● YOUR ASSIGNMENT: Once you find the line with "using size_le_sum_mset mem_le_sum_mset", copy it and every line after it through the end of the entries below, exactly as written.

● INFORMATION GIVEN:
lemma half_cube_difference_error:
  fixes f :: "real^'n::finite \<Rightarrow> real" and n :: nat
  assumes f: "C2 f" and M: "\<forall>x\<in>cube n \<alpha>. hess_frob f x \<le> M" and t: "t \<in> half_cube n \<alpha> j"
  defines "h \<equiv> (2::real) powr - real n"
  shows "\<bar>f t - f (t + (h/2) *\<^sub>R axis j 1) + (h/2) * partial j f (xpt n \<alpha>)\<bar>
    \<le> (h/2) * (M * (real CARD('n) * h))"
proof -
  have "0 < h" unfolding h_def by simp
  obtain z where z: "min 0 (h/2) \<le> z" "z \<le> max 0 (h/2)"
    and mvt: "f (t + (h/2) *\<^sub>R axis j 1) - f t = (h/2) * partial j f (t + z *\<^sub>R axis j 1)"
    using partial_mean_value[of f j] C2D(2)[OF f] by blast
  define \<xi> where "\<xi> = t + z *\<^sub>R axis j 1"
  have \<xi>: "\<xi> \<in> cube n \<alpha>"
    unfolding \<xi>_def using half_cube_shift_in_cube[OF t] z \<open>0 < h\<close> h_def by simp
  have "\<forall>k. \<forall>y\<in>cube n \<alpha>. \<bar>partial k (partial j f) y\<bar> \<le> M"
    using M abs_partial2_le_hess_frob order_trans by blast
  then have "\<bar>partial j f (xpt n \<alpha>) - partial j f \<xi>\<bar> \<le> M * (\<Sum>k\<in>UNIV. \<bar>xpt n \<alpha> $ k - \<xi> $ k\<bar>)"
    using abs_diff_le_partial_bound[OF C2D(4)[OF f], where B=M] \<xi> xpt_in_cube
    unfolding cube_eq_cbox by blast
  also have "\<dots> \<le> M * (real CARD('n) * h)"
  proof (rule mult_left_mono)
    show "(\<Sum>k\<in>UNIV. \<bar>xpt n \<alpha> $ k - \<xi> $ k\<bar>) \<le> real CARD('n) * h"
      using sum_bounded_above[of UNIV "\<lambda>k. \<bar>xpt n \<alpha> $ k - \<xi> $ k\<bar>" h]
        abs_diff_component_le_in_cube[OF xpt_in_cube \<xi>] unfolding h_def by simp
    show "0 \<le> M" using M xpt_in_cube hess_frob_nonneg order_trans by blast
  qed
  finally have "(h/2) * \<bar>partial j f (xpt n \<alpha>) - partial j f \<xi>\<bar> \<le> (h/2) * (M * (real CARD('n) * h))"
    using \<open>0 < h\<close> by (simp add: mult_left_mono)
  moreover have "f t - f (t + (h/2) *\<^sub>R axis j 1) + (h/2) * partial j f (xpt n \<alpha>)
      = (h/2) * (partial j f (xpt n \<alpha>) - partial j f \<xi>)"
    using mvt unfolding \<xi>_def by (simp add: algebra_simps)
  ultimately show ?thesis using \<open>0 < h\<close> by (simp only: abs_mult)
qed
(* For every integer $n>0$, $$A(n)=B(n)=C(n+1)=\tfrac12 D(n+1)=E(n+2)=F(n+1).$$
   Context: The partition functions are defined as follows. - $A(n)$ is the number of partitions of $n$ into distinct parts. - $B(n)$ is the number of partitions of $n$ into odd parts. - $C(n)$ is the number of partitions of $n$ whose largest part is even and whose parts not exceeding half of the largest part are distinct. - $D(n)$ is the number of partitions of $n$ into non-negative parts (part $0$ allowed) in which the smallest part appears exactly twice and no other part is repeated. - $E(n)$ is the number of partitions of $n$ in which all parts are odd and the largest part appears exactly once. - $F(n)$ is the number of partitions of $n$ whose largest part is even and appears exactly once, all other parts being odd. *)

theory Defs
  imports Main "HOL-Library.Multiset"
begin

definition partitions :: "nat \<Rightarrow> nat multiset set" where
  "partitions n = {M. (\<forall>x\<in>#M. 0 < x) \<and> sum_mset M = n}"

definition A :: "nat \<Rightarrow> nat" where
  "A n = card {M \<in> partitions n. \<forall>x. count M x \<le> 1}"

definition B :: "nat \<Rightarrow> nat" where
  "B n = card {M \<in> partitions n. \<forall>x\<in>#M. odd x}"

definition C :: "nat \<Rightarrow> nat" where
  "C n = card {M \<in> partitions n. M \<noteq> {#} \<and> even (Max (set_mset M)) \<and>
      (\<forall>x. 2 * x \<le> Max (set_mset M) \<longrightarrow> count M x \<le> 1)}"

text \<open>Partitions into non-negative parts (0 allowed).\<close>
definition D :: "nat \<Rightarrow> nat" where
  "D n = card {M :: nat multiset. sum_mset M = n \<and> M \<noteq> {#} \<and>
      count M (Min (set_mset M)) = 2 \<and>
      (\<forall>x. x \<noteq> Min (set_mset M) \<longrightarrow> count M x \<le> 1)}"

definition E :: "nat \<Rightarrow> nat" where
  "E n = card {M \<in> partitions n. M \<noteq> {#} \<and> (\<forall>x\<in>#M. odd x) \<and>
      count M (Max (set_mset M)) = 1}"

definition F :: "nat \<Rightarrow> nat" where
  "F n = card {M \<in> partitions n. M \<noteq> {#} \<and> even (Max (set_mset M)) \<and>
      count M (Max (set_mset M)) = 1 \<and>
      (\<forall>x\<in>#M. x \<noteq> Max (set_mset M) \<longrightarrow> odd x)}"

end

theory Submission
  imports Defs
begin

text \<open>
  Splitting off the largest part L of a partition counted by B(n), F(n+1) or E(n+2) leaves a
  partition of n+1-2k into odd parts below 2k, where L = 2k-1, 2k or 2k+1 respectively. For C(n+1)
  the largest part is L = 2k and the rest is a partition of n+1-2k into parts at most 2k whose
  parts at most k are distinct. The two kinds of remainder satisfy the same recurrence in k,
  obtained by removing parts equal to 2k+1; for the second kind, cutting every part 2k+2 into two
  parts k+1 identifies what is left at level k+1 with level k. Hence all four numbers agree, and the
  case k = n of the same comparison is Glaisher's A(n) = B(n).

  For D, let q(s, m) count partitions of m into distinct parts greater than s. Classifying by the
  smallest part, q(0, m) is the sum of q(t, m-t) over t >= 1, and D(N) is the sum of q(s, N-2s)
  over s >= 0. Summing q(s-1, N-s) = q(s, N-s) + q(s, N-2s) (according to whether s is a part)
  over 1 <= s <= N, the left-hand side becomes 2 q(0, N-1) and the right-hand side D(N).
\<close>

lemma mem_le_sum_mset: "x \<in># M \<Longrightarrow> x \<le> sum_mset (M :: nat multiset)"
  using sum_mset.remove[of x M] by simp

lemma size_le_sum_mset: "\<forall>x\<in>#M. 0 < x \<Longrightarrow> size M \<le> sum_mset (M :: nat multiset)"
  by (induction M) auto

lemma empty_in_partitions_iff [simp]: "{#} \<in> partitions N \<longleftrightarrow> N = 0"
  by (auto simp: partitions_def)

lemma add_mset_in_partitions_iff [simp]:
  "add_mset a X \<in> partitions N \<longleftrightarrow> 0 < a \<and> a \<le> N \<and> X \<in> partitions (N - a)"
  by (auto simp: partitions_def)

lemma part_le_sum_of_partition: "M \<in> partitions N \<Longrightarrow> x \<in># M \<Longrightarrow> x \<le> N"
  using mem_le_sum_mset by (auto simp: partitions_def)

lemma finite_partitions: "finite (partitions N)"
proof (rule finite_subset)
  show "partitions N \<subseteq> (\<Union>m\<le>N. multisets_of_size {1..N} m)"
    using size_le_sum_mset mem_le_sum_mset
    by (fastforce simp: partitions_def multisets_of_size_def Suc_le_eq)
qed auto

● EXERCISE ANSWER:
    using size_le_sum_mset mem_le_sum_mset
    by (fastforce simp: partitions_def multisets_of_size_def Suc_le_eq)
qed auto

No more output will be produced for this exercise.